270s in or out, Bs board-switch up-Fs board, maybe a 50-50 to 360 out from the cannon ?


----------



## BurtonAvenger (Aug 14, 2007)

Switch front board through the corrugated to 270 out. Or blow the judges.


----------



## Nivek (Jan 24, 2008)

Switch tricks and pretzle outs.


----------



## SnowBunny39 (Nov 23, 2013)

BurtonAvenger said:


> Switch front board through the corrugated to 270 out. Or blow the judges.


Everything is about blowjobs now a days.... What I my tongue gets stuck to it just like a metal pole?  hahahaha


----------



## BurtonAvenger (Aug 14, 2007)

SnowBunny39 said:


> Everything is about blowjobs now a days.... What I my tongue gets stuck to it just like a metal pole?  hahahaha


That just means you should have swallowed.


----------



## stan_darsh (Mar 10, 2013)

back lip or back noseblunt... it may be that i came from skateboarding, but getting the tail over the rail always looks better


----------



## BigmountainVMD (Oct 9, 2011)

BurtonAvenger said:


> That just means you should have swallowed.

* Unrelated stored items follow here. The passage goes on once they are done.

text \<open>A maximiser \<open>v\<close> of the quadratic form on the unit sphere of an invariant subspace is an
  eigenvector: perturbing it along \<open>w = A v - l v\<close> would otherwise increase the form.\<close>

lemma symmetric_matrix_has_eigenvector_in_invariant_subspace:
  fixes A :: "real^'n^'n"
  assumes sym: "symmetric_matrix A" and V: "subspace V" "V \<noteq> {0}"
    and invariant: "\<And>x. x \<in> V \<Longrightarrow> A *v x \<in> V"
  obtains v l where "v \<in> V" "norm v = 1" "A *v v = l *\<^sub>R v"
proof -
  obtain v where v: "v \<in> V" "norm v = 1"
    and max: "\<And>y. y \<in> V \<Longrightarrow> y \<bullet> (A *v y) \<le> (v \<bullet> (A *v v)) * (norm y)\<^sup>2"
    using subspace_unit_sphere_max_quadratic_form[OF V] by blast
  define l where "l = v \<bullet> (A *v v)"
  define w where "w = A *v v - l *\<^sub>R v"
  have vv: "v \<bullet> v = 1" using v by (simp add: norm_eq_1)
  have "w \<in> V" unfolding w_def using invariant v V by (simp add: subspace_diff subspace_scale)
  have "t * (2 * (w \<bullet> w)) + t\<^sup>2 * (w \<bullet> (A *v w) - l * (w \<bullet> w)) \<le> 0" for t
  proof -
    have "v + t *\<^sub>R w \<in> V" using v \<open>w \<in> V\<close> V by (simp add: subspace_add subspace_scale)
    from max[OF this] have "(v + t *\<^sub>R w) \<bullet> (A *v (v + t *\<^sub>R w)) \<le> l * ((v + t *\<^sub>R w) \<bullet> (v + t *\<^sub>R w))"
      by (simp add: l_def power2_norm_eq_inner)
    then show ?thesis
      using symmetric_matrix_inner[OF sym, of v w] vv
      by (simp add: w_def l_def inner_commute power2_eq_square algebra_simps)
  qed
  then have "w = 0" using quadratic_nonpos_imp_linear_coeff_zero by fastforce
  then show ?thesis using that v unfolding w_def by simp
qed
(* Let $\ell\ge 1$ and $n,m_1,\dots,m_\ell$ be positive integers, $m:=\sum_{i=1}^\ell m_i$. For $i=1,\dots,\ell$ let $C_i\subseteq\mathbb{R}^{m_i}$ be a nonempty closed convex set and $A_i\in\mathbb{R}^{m_i\times n}$ a nonzero matrix, and let $\bar v\in\mathbb{R}^n$. Assume $\bigcap_{i=1}^\ell A_i^{-1}\operatorname{ri}C_i\neq\emptyset$. Let $d(\mathbf y):=\frac12\|\sum_{i=1}^\ell A_i^Ty_i-\bar v\|^2-\frac12\|\bar v\|^2+\sum_{i=1}^\ell\sigma_{C_i}(y_i)$ for $\mathbf y=(y_1,\dots,y_\ell)\in\mathbb{R}^m$ and $d^*:=\inf d$. Let $\{\mathbf y^t\}$ be generated by the following algorithm: set $\gamma_i:=\lambda_{\max}(A_i^TA_i)$, $y_i^0:=0$, $x^0_\ell:=\bar v$; for $t=0,1,2,\dots$ set $x^{t+1}_0:=x^t_\ell$ and for $i=1,\dots,\ell$ compute $$x^{t+1}_i=(I-\gamma_i^{-1}A_i^TA_i)x^{t+1}_{i-1}+\gamma_i^{-1}A_i^T\operatorname{Proj}_{C_i}(\gamma_iy_i^t+A_ix^{t+1}_{i-1}),$$ $$y^{t+1}_i=y_i^t+\gamma_i^{-1}A_ix^{t+1}_{i-1}-\gamma_i^{-1}\operatorname{Proj}_{C_i}(\gamma_iy^t_i+A_ix^{t+1}_{i-1}),$$ then set $\mathbf y^{t+1}:=(y^{t+1}_1,\dots,y^{t+1}_\ell)$. Then $d(\mathbf y^t)\to d^*$ and $\operatorname{dist}(\mathbf y^t,\operatorname{Argmin} d)\to0$.
   Context: $A_i^{-1}S:=\{x: A_ix\in S\}$; $\operatorname{ri}$ denotes relative interior; $\sigma_C(y):=\sup_{u\in C}\langle y,u\rangle$ is the support function; $\operatorname{Proj}_C$ is the Euclidean projection onto $C$; $\lambda_{\max}$ is the largest eigenvalue; $\operatorname{Argmin} d$ is the set of minimizers of $d$. *)

theory Defs
  imports "HOL-Analysis.Analysis"
begin

definition support_fun :: "('a::real_inner) set \<Rightarrow> 'a \<Rightarrow> ereal" where
  "support_fun C y = (SUP u\<in>C. ereal (inner y u))"

definition lambda_max :: "real^'n^'n \<Rightarrow> real" where
  "lambda_max M = Max {lam. \<exists>v. v \<noteq> 0 \<and> M *v v = lam *\<^sub>R v}"

definition Proj :: "('a::euclidean_space) set \<Rightarrow> 'a \<Rightarrow> 'a" where
  "Proj C x = closest_point C x"

text \<open>R^m is split into blocks R^{m_1} x ... x R^{m_l}: coordinate j of R^m
  belongs to block blk j.  R^{m_i} is identified with the coordinate subspace
  of vectors supported on block i; blk_restr extracts the i-th block y_i.\<close>
definition blk_restr :: "('m \<Rightarrow> nat) \<Rightarrow> nat \<Rightarrow> real^'m \<Rightarrow> real^'m" where
  "blk_restr blk i y = (\<chi> j. if blk j = i then y $ j else 0)"

definition blk_space :: "('m \<Rightarrow> nat) \<Rightarrow> nat \<Rightarrow> (real^'m) set" where
  "blk_space blk i = {y. \<forall>j. blk j \<noteq> i \<longrightarrow> y $ j = 0}"

definition Argmin :: "('a \<Rightarrow> 'b::order) \<Rightarrow> 'a set" where
  "Argmin f = {y. \<forall>z. f y \<le> f z}"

He said to the 17 year old girl.


----------



## SnowBunny39 (Nov 23, 2013)

BigmountainVMD said:


> He said to the 17 year old girl.


I'm 18... Such a huge difference


----------



## BigAL (Feb 19, 2013)

Best advice is just do something you can actually land and live to tell about it. Don't hurt yourself trying to impress people...I mean "judges" in their lame blue blazers trying to do what you can. And pretty much just kill it out there.


----------